## TASK INSTRUCTIONS
Everything from the line with "(fastforce simp: m_def)" to the end of the material is to be retyped exactly, both ends included, and nothing else.

## DATA EXCERPTS
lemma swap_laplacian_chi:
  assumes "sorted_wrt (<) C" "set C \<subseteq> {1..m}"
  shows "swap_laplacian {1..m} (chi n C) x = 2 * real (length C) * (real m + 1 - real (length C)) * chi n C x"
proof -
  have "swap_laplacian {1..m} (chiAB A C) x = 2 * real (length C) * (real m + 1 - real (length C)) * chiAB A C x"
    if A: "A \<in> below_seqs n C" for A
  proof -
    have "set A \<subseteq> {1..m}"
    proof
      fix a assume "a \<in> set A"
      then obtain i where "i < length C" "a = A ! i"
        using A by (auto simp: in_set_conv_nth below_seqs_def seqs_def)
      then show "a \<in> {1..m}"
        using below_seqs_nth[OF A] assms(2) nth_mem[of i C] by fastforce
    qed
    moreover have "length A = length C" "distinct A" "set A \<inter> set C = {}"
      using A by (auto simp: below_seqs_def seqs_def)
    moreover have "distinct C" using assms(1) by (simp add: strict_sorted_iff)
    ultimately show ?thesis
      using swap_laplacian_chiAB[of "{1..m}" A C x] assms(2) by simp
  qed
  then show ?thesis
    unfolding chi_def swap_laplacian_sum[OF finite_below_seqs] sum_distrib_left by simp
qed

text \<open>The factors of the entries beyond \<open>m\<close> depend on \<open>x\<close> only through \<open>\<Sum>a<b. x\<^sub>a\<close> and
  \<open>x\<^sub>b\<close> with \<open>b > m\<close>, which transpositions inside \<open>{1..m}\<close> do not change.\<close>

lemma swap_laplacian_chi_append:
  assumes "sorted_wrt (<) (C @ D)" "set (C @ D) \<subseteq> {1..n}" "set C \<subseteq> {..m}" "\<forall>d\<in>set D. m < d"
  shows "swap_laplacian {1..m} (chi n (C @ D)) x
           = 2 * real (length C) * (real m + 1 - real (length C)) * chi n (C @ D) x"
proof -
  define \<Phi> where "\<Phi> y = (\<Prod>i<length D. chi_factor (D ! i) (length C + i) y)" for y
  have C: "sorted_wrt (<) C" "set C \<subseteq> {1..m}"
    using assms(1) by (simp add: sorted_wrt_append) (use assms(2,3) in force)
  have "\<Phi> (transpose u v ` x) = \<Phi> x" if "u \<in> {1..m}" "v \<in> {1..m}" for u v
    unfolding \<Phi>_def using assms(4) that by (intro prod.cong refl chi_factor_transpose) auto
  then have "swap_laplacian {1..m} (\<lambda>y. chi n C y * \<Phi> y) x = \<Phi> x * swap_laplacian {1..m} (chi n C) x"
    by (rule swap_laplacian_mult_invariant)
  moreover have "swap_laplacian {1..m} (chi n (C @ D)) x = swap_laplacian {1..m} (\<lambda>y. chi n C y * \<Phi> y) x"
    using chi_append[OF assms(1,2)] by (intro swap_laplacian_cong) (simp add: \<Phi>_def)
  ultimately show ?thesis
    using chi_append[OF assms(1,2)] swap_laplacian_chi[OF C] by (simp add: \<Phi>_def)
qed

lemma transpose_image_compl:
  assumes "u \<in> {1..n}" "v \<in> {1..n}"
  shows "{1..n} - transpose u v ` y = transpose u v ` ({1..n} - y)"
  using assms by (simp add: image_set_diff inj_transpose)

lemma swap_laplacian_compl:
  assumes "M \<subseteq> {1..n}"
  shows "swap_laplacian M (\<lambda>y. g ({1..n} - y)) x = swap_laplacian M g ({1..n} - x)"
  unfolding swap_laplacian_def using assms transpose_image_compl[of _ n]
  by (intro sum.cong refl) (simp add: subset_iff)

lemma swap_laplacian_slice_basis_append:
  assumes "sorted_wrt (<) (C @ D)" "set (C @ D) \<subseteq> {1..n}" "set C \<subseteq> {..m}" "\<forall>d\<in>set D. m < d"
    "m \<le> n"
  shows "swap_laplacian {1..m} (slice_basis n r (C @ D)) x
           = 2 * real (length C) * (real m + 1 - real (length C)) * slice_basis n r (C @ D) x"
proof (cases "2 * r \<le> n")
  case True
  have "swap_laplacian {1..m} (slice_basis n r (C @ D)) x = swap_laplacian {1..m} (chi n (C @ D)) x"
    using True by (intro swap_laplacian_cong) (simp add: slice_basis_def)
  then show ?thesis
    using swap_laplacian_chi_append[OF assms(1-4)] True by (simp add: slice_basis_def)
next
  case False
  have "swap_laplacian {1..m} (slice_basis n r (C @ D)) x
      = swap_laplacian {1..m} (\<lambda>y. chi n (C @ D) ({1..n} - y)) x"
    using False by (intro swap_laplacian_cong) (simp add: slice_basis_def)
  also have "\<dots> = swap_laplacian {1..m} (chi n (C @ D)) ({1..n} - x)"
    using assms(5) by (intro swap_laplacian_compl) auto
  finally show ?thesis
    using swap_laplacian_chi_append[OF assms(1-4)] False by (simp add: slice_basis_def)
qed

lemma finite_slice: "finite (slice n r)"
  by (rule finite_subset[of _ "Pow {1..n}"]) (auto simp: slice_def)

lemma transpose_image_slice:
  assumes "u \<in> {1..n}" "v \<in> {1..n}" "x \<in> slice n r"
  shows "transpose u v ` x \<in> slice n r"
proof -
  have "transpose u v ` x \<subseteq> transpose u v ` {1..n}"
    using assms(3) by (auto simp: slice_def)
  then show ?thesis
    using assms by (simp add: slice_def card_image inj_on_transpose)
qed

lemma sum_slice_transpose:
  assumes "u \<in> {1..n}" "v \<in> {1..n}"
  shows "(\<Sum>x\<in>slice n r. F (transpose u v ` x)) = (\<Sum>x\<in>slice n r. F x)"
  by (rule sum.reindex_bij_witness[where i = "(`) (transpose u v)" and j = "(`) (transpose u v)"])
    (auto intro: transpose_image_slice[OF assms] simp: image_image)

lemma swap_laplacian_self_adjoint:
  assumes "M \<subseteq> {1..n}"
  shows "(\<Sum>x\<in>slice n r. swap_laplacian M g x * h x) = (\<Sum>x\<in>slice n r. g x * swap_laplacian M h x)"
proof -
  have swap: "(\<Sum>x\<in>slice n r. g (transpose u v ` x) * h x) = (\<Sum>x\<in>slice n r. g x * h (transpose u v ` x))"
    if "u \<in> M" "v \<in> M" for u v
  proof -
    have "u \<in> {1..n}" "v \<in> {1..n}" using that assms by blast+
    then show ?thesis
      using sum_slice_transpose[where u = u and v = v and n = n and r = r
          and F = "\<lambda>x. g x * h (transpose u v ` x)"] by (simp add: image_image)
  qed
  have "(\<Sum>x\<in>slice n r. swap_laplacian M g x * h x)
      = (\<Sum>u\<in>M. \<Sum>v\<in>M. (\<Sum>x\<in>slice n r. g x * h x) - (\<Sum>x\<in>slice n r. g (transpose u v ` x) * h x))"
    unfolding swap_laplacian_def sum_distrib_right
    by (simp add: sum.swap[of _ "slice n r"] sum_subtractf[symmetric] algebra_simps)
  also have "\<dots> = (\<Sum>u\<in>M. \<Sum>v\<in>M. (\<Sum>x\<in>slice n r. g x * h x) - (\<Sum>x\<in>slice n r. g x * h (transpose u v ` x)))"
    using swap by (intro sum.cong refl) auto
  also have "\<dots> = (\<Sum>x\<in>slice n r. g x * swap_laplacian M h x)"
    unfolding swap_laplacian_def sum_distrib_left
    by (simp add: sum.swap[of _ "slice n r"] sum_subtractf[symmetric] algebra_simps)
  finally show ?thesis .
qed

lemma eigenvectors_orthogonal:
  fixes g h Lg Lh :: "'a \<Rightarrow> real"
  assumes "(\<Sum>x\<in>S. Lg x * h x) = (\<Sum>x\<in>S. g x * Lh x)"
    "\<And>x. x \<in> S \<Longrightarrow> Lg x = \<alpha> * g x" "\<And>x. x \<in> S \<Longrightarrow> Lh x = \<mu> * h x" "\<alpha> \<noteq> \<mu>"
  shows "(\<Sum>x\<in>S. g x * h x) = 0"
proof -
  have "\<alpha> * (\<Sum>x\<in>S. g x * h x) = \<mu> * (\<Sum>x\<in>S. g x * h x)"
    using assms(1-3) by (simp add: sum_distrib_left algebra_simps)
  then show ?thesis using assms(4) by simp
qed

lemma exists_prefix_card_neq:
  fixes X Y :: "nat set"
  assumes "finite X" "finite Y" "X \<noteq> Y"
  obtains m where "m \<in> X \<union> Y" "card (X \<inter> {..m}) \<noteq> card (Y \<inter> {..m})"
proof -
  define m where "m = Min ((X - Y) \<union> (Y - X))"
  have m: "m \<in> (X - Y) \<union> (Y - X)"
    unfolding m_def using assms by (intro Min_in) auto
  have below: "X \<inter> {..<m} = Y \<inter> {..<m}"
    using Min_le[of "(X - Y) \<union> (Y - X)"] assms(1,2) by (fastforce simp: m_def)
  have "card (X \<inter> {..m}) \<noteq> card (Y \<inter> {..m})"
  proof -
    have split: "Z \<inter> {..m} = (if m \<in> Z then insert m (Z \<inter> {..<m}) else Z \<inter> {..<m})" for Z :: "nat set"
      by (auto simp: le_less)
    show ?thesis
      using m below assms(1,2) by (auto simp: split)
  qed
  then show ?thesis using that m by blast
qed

## EXERCISE OUTPUT
    using Min_le[of "(X - Y) \<union> (Y - X)"] assms(1,2) by (fastforce simp: m_def)
  have "card (X \<inter> {..m}) \<noteq> card (Y \<inter> {..m})"
  proof -
    have split: "Z \<inter> {..m} = (if m \<in> Z then insert m (Z \<inter> {..<m}) else Z \<inter> {..<m})" for Z :: "nat set"
      by (auto simp: le_less)
    show ?thesis
      using m below assms(1,2) by (auto simp: split)
  qed
  then show ?thesis using that m by blast
qed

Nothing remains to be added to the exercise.